FP2 Hyperbolic Functions - Proof

Prove that cosh 2x = 2 cosh² x - 1

My working:

cosh x = 1/2(e^x + e^-x)
cosh² x = 1/4(e^2x + 2e⁰ + e^-2x)
2cosh² x = 1/2(e^2x + e^-2x + 2)
2cosh² x = 1/2(e^2x + e^-2x) + 1
2cosh² x - 1 = 1/2(e^2x + e^-2x)
= cosh 2x

Is this enough? Are there any other ways to prove it?

Reply 1

generalebriety

You could note that coshx = cos(ix), and thus the identity cos2a = 2cos²a - 1 holds.

Note though that sinhx = -isin(ix), and so cosh²x = cos²(ix) = 1 - sin²(ix) = 1 + (-i)²sin²(ix) = 1 + sinh²x. So it follows that cosh²x - sinh²x = 1, and also that cosh2x = cos2(ix) = cos²(ix) - sin²(ix) = cosh²x + sinh²x.

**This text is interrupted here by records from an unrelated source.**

lemma lineal_tangent_cone:
  assumes "argmax_on Q y = F"
  shows "lineal (tangent_cone Q F) = tangent_cone Q F \<inter> {d. y \<bullet> d = 0}"
proof (intro set_eqI)
  let ?C = "tangent_cone Q F"
  fix d
  have "d \<in> lineal ?C \<longleftrightarrow> d \<in> ?C \<and> - d \<in> ?C"
    unfolding lineal_def by (auto intro: image_eqI[of d uminus "- d"])
  moreover have "- d \<in> ?C \<longleftrightarrow> y \<bullet> d = 0" if "d \<in> ?C"
  proof
    assume "- d \<in> ?C"
    then have "y \<bullet> d \<le> 0" "y \<bullet> (- d) \<le> 0"
      using that tangent_cone_subset_halfspace[OF assms] by blast+
    then show "y \<bullet> d = 0" by simp
  next
    assume "y \<bullet> d = 0"
    then show "- d \<in> ?C" using that tangent_cone_subset_normal_halfspace[OF assms] by blast
  qed
  ultimately show "d \<in> lineal ?C \<longleftrightarrow> d \<in> ?C \<inter> {d. y \<bullet> d = 0}" by blast
qed

lemma mem_tangent_cone_if_feasible_direction:
  assumes "polyhedron Q" "F \<subseteq> Q" "f0 \<in> F"
    and "\<And>a b. \<forall>q\<in>Q. a \<bullet> q \<le> b \<Longrightarrow> a \<bullet> f0 = b \<Longrightarrow> a \<bullet> d \<le> 0"
  shows "d \<in> tangent_cone Q F"
proof -
  have "f0 \<in> Q" using assms(2,3) by blast
  have "\<exists>t>0. f0 + t *\<^sub>R d \<in> Q"
    using assms(4) by (rule polyhedron_feasible_direction[OF assms(1) \<open>f0 \<in> Q\<close>])
  then obtain t where "t > 0" "f0 + t *\<^sub>R d \<in> Q" by blast
  then have "t *\<^sub>R d \<in> tangent_cone Q F"
    using diff_mem_tangent_cone[of "f0 + t *\<^sub>R d" Q f0 F] assms(3) by simp
  with \<open>t > 0\<close> have "inverse t *\<^sub>R (t *\<^sub>R d) \<in> tangent_cone Q F"
    by (simp add: convex_cone_scaleR convex_cone_tangent_cone del: scaleR_scaleR)
  then show ?thesis using \<open>t > 0\<close> by simp
qed

text \<open>A functional \<open>a\<close> supporting \<open>Q\<close> at a relative interior point of \<open>F\<close> is constant on
  \<open>F\<close>, so \<open>a + e y\<close> (\<open>e > 0\<close>) still lies in \<open>\<sigma>\<^sub>F\<close>, hence is maximised on \<open>P\<close> exactly at \<open>G\<close>;
  letting \<open>e \<rightarrow> 0\<close> gives \<open>a \<bullet> (p - g) \<le> 0\<close>.\<close>

lemma deformation_diff_mem_tangent_cone:
  assumes "polyhedron Q" "F face_of Q" "F \<noteq> {}" "argmax_on Q y = F"
    and "normal_cone Q F \<subseteq> normal_cone P G"
    and "p \<in> P" "g \<in> G"
  shows "p - g \<in> tangent_cone Q F"
proof -
  have "F \<subseteq> Q" "convex F"
    using assms(2) face_of_imp_subset face_of_imp_convex by blast+
  obtain f0 where f0: "f0 \<in> rel_interior F"
    using assms(3) \<open>convex F\<close> rel_interior_eq_empty by blast
  then have "f0 \<in> F" using rel_interior_subset by blast
  show ?thesis
  proof (rule mem_tangent_cone_if_feasible_direction[OF assms(1) \<open>F \<subseteq> Q\<close> \<open>f0 \<in> F\<close>])
    fix a b assume supp: "\<forall>q\<in>Q. a \<bullet> q \<le> b" "a \<bullet> f0 = b"
    have "F \<subseteq> {x. a \<bullet> x = b}"
      using supp \<open>F \<subseteq> Q\<close> by (intro supporting_hyperplane_contains_convex[OF \<open>convex F\<close> f0]) auto
    then have "F \<subseteq> argmax_on Q a"
      using supp \<open>F \<subseteq> Q\<close> by (auto simp: argmax_on_def)
    have "a \<bullet> (p - g) + e * (y \<bullet> (p - g)) \<le> 0" if "e > 0" for e
    proof -
      have "argmax_on Q (a + e *\<^sub>R y) = F"
        using argmax_on_add_pos_multiple[OF assms(4,3) \<open>F \<subseteq> argmax_on Q a\<close> that] .
      then have "argmax_on P (a + e *\<^sub>R y) = G"
        using assms(5) unfolding normal_cone_def by blast
      then have "(a + e *\<^sub>R y) \<bullet> p \<le> (a + e *\<^sub>R y) \<bullet> g"
        using assms(6,7) unfolding argmax_on_def by blast
      then show ?thesis by (simp add: inner_add_left inner_diff_right right_diff_distrib)
    qed
    then show "a \<bullet> (p - g) \<le> 0" by (rule nonpos_if_add_pos_multiples_nonpos)
  qed
qed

This can be verified using your method, of course:

We know that coshx = 1/2(e^x + e^-x), so cosh2x = 1/2(e^2x + e^-2x).
cosh²x = 1/4(e^2x + e^-2x + 2)
sinh²x = 1/4(e^2x + e^-2x - 2)
Adding,
cosh²x + sinh²x = 1/2(e^2x + e^-2x) = cosh2x.

Bit irrelevant, but meh, useful. :biggrin:

Reply 2

Juwel

Looks like you did alright mate. I might have started with cosh(2x) = [e^(2x) + e^(-2x)]/2 and kept working.

Reply 3

CalculusMan

Juwel

Looks like you did alright mate. I might have started with cosh(2x) = [e^(2x) + e^(-2x)]/2 and kept working.

I tried this way but couldn't get actually get anywhere. Any ideas on how to start it off?

Cheers guys for your help.

Reply 4

generalebriety

CalculusMan

I tried this way but couldn't get actually get anywhere. Any ideas on how to start it off?

Cheers guys for your help.

cosh(2x) = [e^(2x) + e^(-2x)]/2
= [(e^x)^2 + (e^-x)^2]/2
= [(e^x)^2 + (e^-x)^2 + 2 - 2]/2
= [(e^x + e^-x)^2 - 2]/2
= [(e^x + e^-x)^2]/2 - 1
= cosh^2 x - 1.